**WORK TO COMPLETE:**
Gather each line of the records where "alpha" appears.

**DATA EXTRACTS:**
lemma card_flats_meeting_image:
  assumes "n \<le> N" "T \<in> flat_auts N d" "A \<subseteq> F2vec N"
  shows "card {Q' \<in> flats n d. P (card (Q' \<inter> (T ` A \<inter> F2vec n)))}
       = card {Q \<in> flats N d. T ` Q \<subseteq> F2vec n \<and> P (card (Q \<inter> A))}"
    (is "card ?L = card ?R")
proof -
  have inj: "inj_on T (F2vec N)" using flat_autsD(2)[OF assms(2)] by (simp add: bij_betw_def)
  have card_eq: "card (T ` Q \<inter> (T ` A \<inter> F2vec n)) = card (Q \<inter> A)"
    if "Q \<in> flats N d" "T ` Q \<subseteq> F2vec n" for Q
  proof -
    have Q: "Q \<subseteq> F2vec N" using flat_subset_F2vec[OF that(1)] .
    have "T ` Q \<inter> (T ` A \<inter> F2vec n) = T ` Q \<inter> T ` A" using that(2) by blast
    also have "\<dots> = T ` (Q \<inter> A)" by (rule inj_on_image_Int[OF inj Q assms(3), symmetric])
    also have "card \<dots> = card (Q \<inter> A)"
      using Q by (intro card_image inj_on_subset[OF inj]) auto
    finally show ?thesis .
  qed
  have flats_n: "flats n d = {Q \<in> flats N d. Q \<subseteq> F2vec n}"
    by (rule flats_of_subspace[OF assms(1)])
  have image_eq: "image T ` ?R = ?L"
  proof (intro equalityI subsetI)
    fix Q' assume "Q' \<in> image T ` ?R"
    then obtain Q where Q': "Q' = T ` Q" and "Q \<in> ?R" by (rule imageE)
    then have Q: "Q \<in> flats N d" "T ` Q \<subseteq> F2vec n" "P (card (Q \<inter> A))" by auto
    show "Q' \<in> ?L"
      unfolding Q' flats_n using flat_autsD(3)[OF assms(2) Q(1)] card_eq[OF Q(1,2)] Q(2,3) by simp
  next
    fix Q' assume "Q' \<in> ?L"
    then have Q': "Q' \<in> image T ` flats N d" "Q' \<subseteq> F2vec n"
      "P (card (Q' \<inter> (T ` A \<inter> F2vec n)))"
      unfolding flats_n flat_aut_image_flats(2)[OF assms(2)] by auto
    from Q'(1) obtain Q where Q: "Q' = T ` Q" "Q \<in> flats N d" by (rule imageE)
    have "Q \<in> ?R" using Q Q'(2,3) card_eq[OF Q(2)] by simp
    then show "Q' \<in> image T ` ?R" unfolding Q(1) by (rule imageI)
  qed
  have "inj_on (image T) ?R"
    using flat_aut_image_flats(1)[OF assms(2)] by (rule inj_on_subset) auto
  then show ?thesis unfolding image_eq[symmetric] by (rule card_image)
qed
==
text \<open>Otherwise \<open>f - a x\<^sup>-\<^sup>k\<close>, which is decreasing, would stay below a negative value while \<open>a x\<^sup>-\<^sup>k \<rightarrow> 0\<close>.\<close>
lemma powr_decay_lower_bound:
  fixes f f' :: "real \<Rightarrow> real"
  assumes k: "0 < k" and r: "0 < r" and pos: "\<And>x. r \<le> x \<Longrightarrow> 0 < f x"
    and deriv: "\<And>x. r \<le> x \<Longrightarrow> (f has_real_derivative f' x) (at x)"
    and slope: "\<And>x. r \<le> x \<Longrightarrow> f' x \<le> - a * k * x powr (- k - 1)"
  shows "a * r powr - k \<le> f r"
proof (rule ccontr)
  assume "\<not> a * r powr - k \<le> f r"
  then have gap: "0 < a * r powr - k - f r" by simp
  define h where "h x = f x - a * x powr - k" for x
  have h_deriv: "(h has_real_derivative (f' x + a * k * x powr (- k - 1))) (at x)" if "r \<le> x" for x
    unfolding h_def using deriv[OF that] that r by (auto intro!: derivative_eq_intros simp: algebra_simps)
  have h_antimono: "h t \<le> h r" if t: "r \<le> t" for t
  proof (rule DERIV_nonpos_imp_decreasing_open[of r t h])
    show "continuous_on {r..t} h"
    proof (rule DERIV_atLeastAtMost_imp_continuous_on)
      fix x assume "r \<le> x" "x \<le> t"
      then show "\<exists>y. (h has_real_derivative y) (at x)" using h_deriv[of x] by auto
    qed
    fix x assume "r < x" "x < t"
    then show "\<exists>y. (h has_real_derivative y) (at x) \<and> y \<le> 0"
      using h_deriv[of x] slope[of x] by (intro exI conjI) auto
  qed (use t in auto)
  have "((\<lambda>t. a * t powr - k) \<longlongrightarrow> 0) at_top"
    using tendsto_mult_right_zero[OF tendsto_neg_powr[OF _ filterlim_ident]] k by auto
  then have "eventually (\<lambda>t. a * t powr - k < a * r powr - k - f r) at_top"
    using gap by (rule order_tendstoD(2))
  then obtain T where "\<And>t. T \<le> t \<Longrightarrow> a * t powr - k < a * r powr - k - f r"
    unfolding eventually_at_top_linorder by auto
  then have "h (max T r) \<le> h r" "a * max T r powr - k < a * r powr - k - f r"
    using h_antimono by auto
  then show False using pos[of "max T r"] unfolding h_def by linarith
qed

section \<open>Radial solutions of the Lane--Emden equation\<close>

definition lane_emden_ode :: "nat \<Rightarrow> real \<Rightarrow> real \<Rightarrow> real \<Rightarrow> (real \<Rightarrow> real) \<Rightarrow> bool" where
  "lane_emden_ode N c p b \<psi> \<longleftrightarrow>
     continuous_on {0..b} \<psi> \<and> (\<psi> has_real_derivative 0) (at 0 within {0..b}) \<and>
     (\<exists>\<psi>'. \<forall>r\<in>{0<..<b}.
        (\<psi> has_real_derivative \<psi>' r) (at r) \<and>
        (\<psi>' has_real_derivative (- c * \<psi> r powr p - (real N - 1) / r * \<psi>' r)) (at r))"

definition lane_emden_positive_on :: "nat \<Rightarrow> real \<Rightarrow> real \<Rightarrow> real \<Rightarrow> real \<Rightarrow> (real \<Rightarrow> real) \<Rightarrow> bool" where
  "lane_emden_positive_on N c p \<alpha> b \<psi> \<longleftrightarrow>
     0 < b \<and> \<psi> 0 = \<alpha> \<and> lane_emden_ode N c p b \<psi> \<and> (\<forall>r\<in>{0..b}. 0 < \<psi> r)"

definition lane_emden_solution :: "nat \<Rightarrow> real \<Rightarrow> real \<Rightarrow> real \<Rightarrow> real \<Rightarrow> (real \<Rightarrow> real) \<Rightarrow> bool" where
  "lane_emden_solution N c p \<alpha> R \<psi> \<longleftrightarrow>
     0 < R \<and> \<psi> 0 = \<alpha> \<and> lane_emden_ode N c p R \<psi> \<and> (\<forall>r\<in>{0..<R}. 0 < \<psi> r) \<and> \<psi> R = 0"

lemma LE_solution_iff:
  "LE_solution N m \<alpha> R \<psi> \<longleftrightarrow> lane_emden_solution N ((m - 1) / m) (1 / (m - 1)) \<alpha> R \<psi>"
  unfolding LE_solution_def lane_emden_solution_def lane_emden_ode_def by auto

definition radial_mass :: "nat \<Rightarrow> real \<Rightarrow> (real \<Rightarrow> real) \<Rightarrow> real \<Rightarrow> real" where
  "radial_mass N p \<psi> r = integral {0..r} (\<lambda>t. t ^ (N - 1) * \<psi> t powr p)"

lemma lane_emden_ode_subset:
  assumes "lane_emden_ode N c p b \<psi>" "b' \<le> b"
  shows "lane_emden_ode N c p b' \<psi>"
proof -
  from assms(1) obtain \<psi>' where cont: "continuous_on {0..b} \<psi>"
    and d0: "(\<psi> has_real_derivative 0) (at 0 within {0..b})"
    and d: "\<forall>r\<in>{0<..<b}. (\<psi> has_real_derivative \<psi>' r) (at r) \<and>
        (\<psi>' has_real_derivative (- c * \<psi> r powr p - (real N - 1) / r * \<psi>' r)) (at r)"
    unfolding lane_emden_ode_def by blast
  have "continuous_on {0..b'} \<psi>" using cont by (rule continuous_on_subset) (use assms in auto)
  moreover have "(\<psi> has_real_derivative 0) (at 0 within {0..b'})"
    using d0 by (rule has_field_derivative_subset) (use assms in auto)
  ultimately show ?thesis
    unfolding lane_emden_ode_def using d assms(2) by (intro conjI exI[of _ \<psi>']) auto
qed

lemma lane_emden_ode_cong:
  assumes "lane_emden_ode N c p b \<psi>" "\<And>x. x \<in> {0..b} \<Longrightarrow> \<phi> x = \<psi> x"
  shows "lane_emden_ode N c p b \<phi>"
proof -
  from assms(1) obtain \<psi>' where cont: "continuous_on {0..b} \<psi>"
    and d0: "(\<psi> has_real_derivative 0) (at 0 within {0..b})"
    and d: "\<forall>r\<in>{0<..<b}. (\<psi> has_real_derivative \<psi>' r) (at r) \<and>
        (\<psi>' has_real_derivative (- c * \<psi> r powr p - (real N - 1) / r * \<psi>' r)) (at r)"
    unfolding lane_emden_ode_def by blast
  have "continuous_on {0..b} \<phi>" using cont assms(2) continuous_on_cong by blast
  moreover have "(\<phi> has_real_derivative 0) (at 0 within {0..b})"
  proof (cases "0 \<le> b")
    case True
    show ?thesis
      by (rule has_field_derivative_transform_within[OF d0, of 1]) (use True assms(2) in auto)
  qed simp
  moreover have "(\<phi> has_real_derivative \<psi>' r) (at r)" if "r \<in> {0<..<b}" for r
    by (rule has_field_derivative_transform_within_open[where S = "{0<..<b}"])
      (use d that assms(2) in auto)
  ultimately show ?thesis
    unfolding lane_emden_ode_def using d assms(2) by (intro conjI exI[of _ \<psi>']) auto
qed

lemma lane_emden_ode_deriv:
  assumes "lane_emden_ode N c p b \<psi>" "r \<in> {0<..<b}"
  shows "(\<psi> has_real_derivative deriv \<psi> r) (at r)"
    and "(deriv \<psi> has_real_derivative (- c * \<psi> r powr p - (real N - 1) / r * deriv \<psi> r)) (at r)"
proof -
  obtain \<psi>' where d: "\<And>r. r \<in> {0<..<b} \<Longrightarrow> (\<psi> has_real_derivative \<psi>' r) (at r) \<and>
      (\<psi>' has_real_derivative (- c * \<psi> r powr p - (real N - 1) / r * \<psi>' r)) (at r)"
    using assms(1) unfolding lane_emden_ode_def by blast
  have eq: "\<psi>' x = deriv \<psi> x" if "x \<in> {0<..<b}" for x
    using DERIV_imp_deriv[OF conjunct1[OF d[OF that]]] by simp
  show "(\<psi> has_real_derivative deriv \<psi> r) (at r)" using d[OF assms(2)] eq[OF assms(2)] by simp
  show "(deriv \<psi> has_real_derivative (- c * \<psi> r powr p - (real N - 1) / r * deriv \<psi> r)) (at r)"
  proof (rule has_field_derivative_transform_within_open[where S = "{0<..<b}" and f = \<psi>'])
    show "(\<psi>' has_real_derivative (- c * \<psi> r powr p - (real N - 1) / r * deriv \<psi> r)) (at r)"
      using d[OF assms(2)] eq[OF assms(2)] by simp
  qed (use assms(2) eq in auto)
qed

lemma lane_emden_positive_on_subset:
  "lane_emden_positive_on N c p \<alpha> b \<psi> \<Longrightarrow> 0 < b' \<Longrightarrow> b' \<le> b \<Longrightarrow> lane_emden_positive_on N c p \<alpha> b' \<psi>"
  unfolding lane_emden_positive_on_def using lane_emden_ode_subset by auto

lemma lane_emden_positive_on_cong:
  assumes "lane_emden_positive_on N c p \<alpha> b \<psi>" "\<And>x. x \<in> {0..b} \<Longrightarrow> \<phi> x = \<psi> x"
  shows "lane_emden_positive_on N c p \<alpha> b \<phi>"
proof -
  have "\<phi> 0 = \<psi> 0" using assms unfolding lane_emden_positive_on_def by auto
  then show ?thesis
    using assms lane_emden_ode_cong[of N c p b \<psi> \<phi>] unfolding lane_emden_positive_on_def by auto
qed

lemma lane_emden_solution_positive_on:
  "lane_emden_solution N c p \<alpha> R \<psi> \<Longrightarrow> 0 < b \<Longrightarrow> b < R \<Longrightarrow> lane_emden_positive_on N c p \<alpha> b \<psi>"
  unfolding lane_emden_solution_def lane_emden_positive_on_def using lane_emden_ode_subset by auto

**WRITTEN RESPONSE:**
  "lane_emden_positive_on N c p \<alpha> b \<psi> \<longleftrightarrow>
     0 < b \<and> \<psi> 0 = \<alpha> \<and> lane_emden_ode N c p b \<psi> \<and> (\<forall>r\<in>{0..b}. 0 < \<psi> r)"
  "lane_emden_solution N c p \<alpha> R \<psi> \<longleftrightarrow>
     0 < R \<and> \<psi> 0 = \<alpha> \<and> lane_emden_ode N c p R \<psi> \<and> (\<forall>r\<in>{0..<R}. 0 < \<psi> r) \<and> \<psi> R = 0"
  "LE_solution N m \<alpha> R \<psi> \<longleftrightarrow> lane_emden_solution N ((m - 1) / m) (1 / (m - 1)) \<alpha> R \<psi>"
  "lane_emden_positive_on N c p \<alpha> b \<psi> \<Longrightarrow> 0 < b' \<Longrightarrow> b' \<le> b \<Longrightarrow> lane_emden_positive_on N c p \<alpha> b' \<psi>"
  assumes "lane_emden_positive_on N c p \<alpha> b \<psi>" "\<And>x. x \<in> {0..b} \<Longrightarrow> \<phi> x = \<psi> x"
  shows "lane_emden_positive_on N c p \<alpha> b \<phi>"
  "lane_emden_solution N c p \<alpha> R \<psi> \<Longrightarrow> 0 < b \<Longrightarrow> b < R \<Longrightarrow> lane_emden_positive_on N c p \<alpha> b \<psi>"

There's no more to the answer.